Reproduce the entries from their first line up to and including the line with "y)\<^sup>2 / t = t". Leave out everything after it.

▶ _EXTRACTED INFORMATION_
....................

section \<open>Orthonormal families on an interval\<close>

lemma weighted_amgm:
  fixes x y t :: real
  assumes "0 < t"
  shows "x * y \<le> (t * x\<^sup>2 + y\<^sup>2 / t) / 2"
proof -
  have "0 \<le> (t * x - y)\<^sup>2 / t"
    using assms by simp
  also have "(t * x - y)\<^sup>2 / t = t * x\<^sup>2 + y\<^sup>2 / t - 2 * (x * y)"
    using assms by (simp add: power2_eq_square field_simps)
  finally show ?thesis by simp
qed

lemma le_sqrt_of_weighted_bound:
  fixes X A B :: real
  assumes bound: "\<And>t. 0 < t \<Longrightarrow> X \<le> (t * A + B / t) / 2"
    and "0 \<le> A" and "0 \<le> B"
  shows "X \<le> sqrt (A * B)"
proof (cases "0 < A \<and> 0 < B")
  case True
  define t where "t = sqrt (B / A)"
  have "0 < t"
    using True by (simp add: t_def)
  moreover have "t * A = sqrt (A * B)" and "B / t = sqrt (A * B)"
    using True by (simp_all add: t_def real_sqrt_divide real_sqrt_mult field_simps)
  ultimately show ?thesis
    using bound[of t] by simp
next
  case False
  then have "A = 0 \<or> B = 0"
    using assms by auto
  have "X \<le> e" if "0 < e" for e
  proof -
    define t where "t = (if A = 0 then (B + 1) / e else e / (A + 1))"
    have "0 < t"
      using \<open>0 < e\<close> assms by (simp add: t_def add_nonneg_pos)
    have "t * A \<le> e \<and> B / t \<le> e"
    proof (cases "A = 0")
      case True
      have "B / t = e * (B / (B + 1))"
        using \<open>0 < e\<close> assms True by (simp add: t_def field_simps)
      also have "\<dots> \<le> e"
        using \<open>0 < e\<close> assms by (intro mult_left_le) simp_all
      finally show ?thesis
        using True \<open>0 < e\<close> by simp
    next
      case False
      with \<open>A = 0 \<or> B = 0\<close> have "B = 0" by simp
      have "t * A = e * (A / (A + 1))"
        using \<open>0 < e\<close> assms False by (simp add: t_def field_simps)
      also have "\<dots> \<le> e"
        using \<open>0 < e\<close> assms by (intro mult_left_le) simp_all
      finally show ?thesis
        using \<open>B = 0\<close> \<open>0 < e\<close> by simp
    qed
    then show ?thesis
      using bound[OF \<open>0 < t\<close>] by (simp add: field_simps)
  qed
  then have "X \<le> 0"
    by (metis field_le_epsilon add_0)
  then show ?thesis
    using \<open>A = 0 \<or> B = 0\<close> by auto
qed
(* Let $B=\{b_1,\ldots,b_n\}\subset\mathbb{R}$ consist of distinct real numbers, with $b_1$ the smallest element of $B$. Suppose that $u_1$ is a trigonometric polynomial which is not identically zero, and that $u_2,\ldots,u_n$ are bounded measurable functions on $\mathbb{R}$. If $f:\mathbb{R}\to\mathbb{C}$ is a measurable function which is not zero almost everywhere and \[ \sum_{j=1}^n u_j(x)f(x+b_j)=0\qquad\text{for a.e. } x\in\mathbb{R}, \] then there exists a constant $c>0$ such that $\limsup_{x\to\infty}|f(x)|e^{cx^2}>0$. In particular, if $f$ is not zero almost everywhere and $\lim_{x\to\infty}|f(x)|e^{cx^2}=0$ for all $c>0$, then $\mathcal G(f,\mathbb{R}^2)$ is linearly independent.
   Context: A trigonometric polynomial is a function $u(x)=\sum_{j=1}^m c_je^{2\pi i a_j x}$ with $a_j\in\mathbb{R}$, $c_j\in\mathbb{C}$ (not necessarily periodic). For $a,b\in\mathbb{R}$, $M_aT_bf(x)=e^{2\pi i a x}f(x-b)$, and $\mathcal G(f,\mathbb{R}^2)=\{M_aT_bf:a,b\in\mathbb{R}\}$. Measurable functions equal almost everywhere are identified; $\mathcal G(f,\mathbb{R}^2)$ is linearly independent if every finite linear combination $\sum c_{(a,b)}M_aT_bf$ over distinct pairs $(a,b)$ with coefficients not all zero is not zero almost everywhere. *)

theory Defs
  imports "HOL-Analysis.Analysis"
begin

....................

▶ _RESPONSE TO THIS TASK_
section \<open>Orthonormal families on an interval\<close>

lemma weighted_amgm:
  fixes x y t :: real
  assumes "0 < t"
  shows "x * y \<le> (t * x\<^sup>2 + y\<^sup>2 / t) / 2"
proof -
  have "0 \<le> (t * x - y)\<^sup>2 / t"
    using assms by simp
  also have "(t * x - y)\<^sup>2 / t = t * x\<^sup>2 + y\<^sup>2 / t - 2 * (x * y)"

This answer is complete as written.